After climbing the North Ridge of Mt. Baker last spring and spending the majority of the approach and climb with my skis on my back, I realized that I needed a more beefy winter pack that would carry my skis and weight better than my Mountain Hardware Summit Rocket 40. I looked at packs from Cold Cold World, Cilo Gear, and others. The Hyperlite Mountain Gear Ice Pack caught my eye because it was so light and half the price of similar others. I ended up choosing the 4400 ice pack (70L, largest volume offered for this model) because there was not much weight penalty (6oz over the 40L) and with an upcoming Waddington trip, I wanted something that could carry extra volume should the need arise.
The pack is made of a Dyneema (formerly called Cuben Fiber, name changed) polyester hybrid. It appears this hybrid is woven poly on with non-woven dyneema (Cuben Fiber) laminated to the back. All the seams are taped and although it isn’t advertised as water proof, I don’t see any reason why it wouldn’t be. The bottom is doubled up with the same material. The pack has a super durable strip of Dyneema “Hardline” on the outside for crampons.
Crampon and Ice Ax/tool Attachment
I thought the heavy duty bungee cord (complete with large metal hooks) that secures crampons on the back would be the first thing I’d cut off and replace with something lighter, but it turns out that it’s so simple and functional, I decided to keep it. Ice tools are attached via a sleeve and buckle on the bottom and shock cord and toggle on the top. The upper shock cords are extra-long and can be used to secure a helmet by clipping them together with a spare biner, or attaching a mitten hook.
Side Straps, Ski Attachment, Y Strap
HMG sells a ski option which features reinforced side panels and a ski holster. It’s $100 extra for this feature and honestly it seems unnecessary as the standard configuration is adequate for ‘A frame’ ski carry. The top of the pack has a unique ‘Y’ strap that is handy for securing things to the top of the pack, especially rope.
Shoulder and Hip Straps
It could be just me, but the haul loop seemed too light for a pack this size. I backed it up with a piece of cord in case I needed to haul or clip off the pack. The shoulder straps are padded and comfortable for an ultra-light pack. They also feature the whistle/chest buckle combo. The hip belt is wide, moderately padded, and removable. As with most packs, this one came with about three feet too much strap. I cut all but four inches off of one side and doubled it over and sewed it so it is fixed. The other side I trimmed to allow a reasonable amount of adjustment.

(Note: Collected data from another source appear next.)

lemma funpow_sigma: "(sigma ^^ n) q = (\<lambda>m. zeta (int n) m * q m)"
proof (induction n)
  case (Suc n)
  have "(sigma ^^ Suc n) q = (\<lambda>m. zeta 1 m * (zeta (int n) m * q m))"
    by (simp only: funpow.simps comp_apply Suc sigma_eq)
  also have "\<dots> = (\<lambda>m. zeta (int (Suc n)) m * q m)"
    by (rule ext) (simp only: of_nat_Suc add.commute[of "int n" 1] zeta_add mult.assoc)
  finally show ?case .
qed simp

lemma inv_sigma: "inv sigma = (\<lambda>q m. zeta (-1) m * q m)"
proof (rule inv_equality)
  fix x show "(\<lambda>m. zeta (-1) m * sigma x m) = x"
    by (rule ext) (simp only: sigma_eq mult.assoc[symmetric] zeta_add[symmetric], simp)
next
  fix y show "sigma (\<lambda>m. zeta (-1) m * y m) = y"
    by (rule ext) (simp only: sigma_eq mult.assoc[symmetric] zeta_add[symmetric], simp)
qed

lemma funpow_inv_sigma: "(inv sigma ^^ n) q = (\<lambda>m. zeta (- int n) m * q m)"
proof (induction n)
  case (Suc n)
  have "(inv sigma ^^ Suc n) q = inv sigma ((inv sigma ^^ n) q)" by simp
  also have "\<dots> = (\<lambda>m. zeta (-1) m * (zeta (- int n) m * q m))"
    by (simp only: Suc) (simp only: inv_sigma)
  also have "\<dots> = (\<lambda>m. zeta (- int (Suc n)) m * q m)"
    by (rule ext) (simp only: mult.assoc[symmetric] zeta_add[symmetric], simp)
  finally show ?case .
qed simp

lemma sigma_pow_eq: "sigma_pow j q = (\<lambda>m. zeta j m * q m)"
  unfolding sigma_pow_def by (simp add: funpow_sigma funpow_inv_sigma)

lemma sigma_pow_0 [simp]: "sigma_pow 0 q = q"
  by (simp add: sigma_pow_eq)

lemma sigma_pow_sigma_pow: "sigma_pow a (sigma_pow b x) = sigma_pow (a + b) x"
  by (simp add: sigma_pow_eq zeta_add fun_eq_iff mult.assoc)

lemma stokes_sigma_pow: "stokes (sigma_pow j x) = stokes x"
  unfolding stokes_def sigma_pow_sigma_pow by (auto, metis add.commute diff_add_cancel)

lemma stokes_eqD: "stokes x = stokes y \<Longrightarrow> \<exists>j. y = sigma_pow j x"
proof -
  assume "stokes x = stokes y"
  moreover have "y \<in> stokes y" unfolding stokes_def by (auto intro: exI[of _ 0])
  ultimately show ?thesis unfolding stokes_def by auto
qed
(* Let $\Lambda=(0,\infty)$ and let $\chi\colon\Lambda\to\mathbb{R}^3_+$ be continuous, bounded, with $\operatorname{supp}\chi=[0,1]$ and $\chi(\lambda)\ne\mathbf{0}$ on $(0,1)$; let $\eta=\chi/\langle\mathbf{1},\chi\rangle$ on $(0,1)$, extended continuously to $[0,1]$. Let $\mathcal{P}=\{\int\chi\,\mathrm{d}\nu:\nu$ finite nonnegative Borel measure on $\Lambda\}$ with nonempty interior, $A=\{\mathbf{x}\in\mathbb{R}^3:\langle\mathbf{x},\mathbf{1}\rangle=1\}$, $\mathcal{T}=\mathcal{P}\cap A$. If the spectral locus is convex, then for any $a<b$ in $[0,1]$, \[ \operatorname{conv}\bigl(\eta([a,b]_{\mathbb{T}})\bigr)\cap\operatorname{conv}\bigl(\eta([b,a]_{\mathbb{T}})\bigr)=[\eta(a),\eta(b)]. \]
   Context: $[\mathbf{x},\mathbf{y}]$ denotes the closed segment between $\mathbf{x}$ and $\mathbf{y}$. $\mathcal{T}$ is regarded as a subset of the plane $A$ with its relative topology. Fix a direction and orientation in $A$; $\angle(\mathbf{c}',\mathbf{c})$ is the angle from $\mathbf{c}$ to $\mathbf{c}'$. A closed cyclic interval $[a,b]_{\mathbb{T}}\subset[0,1]$ is $[a,b]$ if $a\le b$ and $[a,1]\cup[0,b]$ if $a>b$. The spectral locus $\eta([0,1])$ is convex if $\eta([0,1])\subset\partial\mathcal{T}$ and for every $\mathbf{c}\in\operatorname{int}\mathcal{T}$ a continuous version of $\lambda\mapsto\angle(\eta(\lambda),\mathbf{c})$ is monotone on $[0,1]$ with $|\angle(\eta(0),\mathbf{c})-\angle(\eta(1),\mathbf{c})|\le 2\pi$. *)

theory Defs
  imports "HOL-Analysis.Analysis"
begin

definition one3 :: "real^3" where "one3 = vec 1"

definition planeA :: "(real^3) set" where "planeA = {x. x \<bullet> one3 = 1}"

text \<open>Fixed orthonormal basis (direction and orientation) of the direction space of A.\<close>
definition e1 :: "real^3" where "e1 = (1 / sqrt 2) *\<^sub>R vector [1, -1, 0]"
definition e2 :: "real^3" where "e2 = (1 / sqrt 6) *\<^sub>R vector [1, 1, -2]"

definition spec_cone :: "(real \<Rightarrow> real^3) \<Rightarrow> (real^3) set" where
  "spec_cone chi = {(integral\<^sup>L \<nu> chi) | \<nu>.
       sets \<nu> = sets (restrict_space (borel :: real measure) {0<..}) \<and> finite_measure \<nu>}"

definition Tset :: "(real \<Rightarrow> real^3) \<Rightarrow> (real^3) set" where
  "Tset chi = spec_cone chi \<inter> planeA"

text \<open>Convexity of the spectral locus eta([0,1]), with T carrying the relative topology of A.
  The angle of c' seen from c is encoded by a continuous lift theta.\<close>
definition convex_locus :: "(real \<Rightarrow> real^3) \<Rightarrow> (real^3) set \<Rightarrow> bool" where
  "convex_locus \<eta> T \<longleftrightarrow>
     \<eta> ` {0..1} \<subseteq> (subtopology euclidean planeA) frontier_of T \<and>
     (\<forall>c \<in> (subtopology euclidean planeA) interior_of T.
        \<exists>\<theta> :: real \<Rightarrow> real.
          continuous_on {0..1} \<theta> \<and>
          (\<forall>l\<in>{0..1}. \<eta> l - c = norm (\<eta> l - c) *\<^sub>R (cos (\<theta> l) *\<^sub>R e1 + sin (\<theta> l) *\<^sub>R e2)) \<and>
          ((\<forall>x\<in>{0..1}. \<forall>y\<in>{0..1}. x \<le> y \<longrightarrow> \<theta> x \<le> \<theta> y) \<or>
           (\<forall>x\<in>{0..1}. \<forall>y\<in>{0..1}. x \<le> y \<longrightarrow> \<theta> y \<le> \<theta> x)) \<and>
          \<bar>\<theta> 0 - \<theta> 1\<bar> \<le> 2 * pi)"

definition cyc_interval :: "real \<Rightarrow> real \<Rightarrow> real set" where
  "cyc_interval a b = (if a \<le> b then {a..b} else {a..1} \<union> {0..b})"

end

It comes standard with a gear loop and two ice clip holders on either side. For $10 extra, you can get zippered pockets instead of gear loops. On the Wapta traverse, I really appreciated the gear loops on the hip belt because for much of the time, we had our packs and harnesses on. The gear loops allowed me to get gear off my harness so the hip belt would sit flat on my hips.
The interior is accessed by a roll top closure, which helps make the bag weather proof. The interior has one quart sized zippered pocket. Behind the zippered pocked is two removable aluminum stays and behind that is the foam back pad and frame sheet. My biggest complaint about the pack is that this foam pad and frame sheet are sewn in. I suspect this was done because it was easier to seam seal, but the flaw with this logic is if water did penetrate the pad compartment, it would be very, very difficult to dry out. I really like the option of being able to remove the back pad and replace it with my thin folded evazote bivy pad so I made the painful decision to cut open the back pad compartment. To keep the frame sheet tied in to the aluminum stays for load distribution, I sewed Velcro between the two stays and a strip on the back of the pocket. When the pocket is folded down it forms a ‘lid’ and locks everything together.
One other note, is that this pack does not have a hydration hole. You could always cut one in but it would somewhat negate the extreme weather-proof properties of this pack. You can still use hydration bladders if the pack isn’t too full by running the hose out the top and folding the lid over.
The Hyperlite Mountain Ice Pack is specialized ultralight climbing pack that lacks the bells and whistles of main stream packs. But bells and whistles add up and many of them are under utilized. The design is well thought out and tailored to long, cold approaches. However, that doesn’t mean it can only be used for such endeavors. This pack is very similar to Hyperlite’s Porter, Southwest, and Windrider models, which are designed for ultralight packrafting and through hiking. The Ice Pack would also excel with these uses making it a true multiuse pack. I’ve been very impressed by this pack and found it to be nearly perfect for the climbing and approaches I do in the Cascades.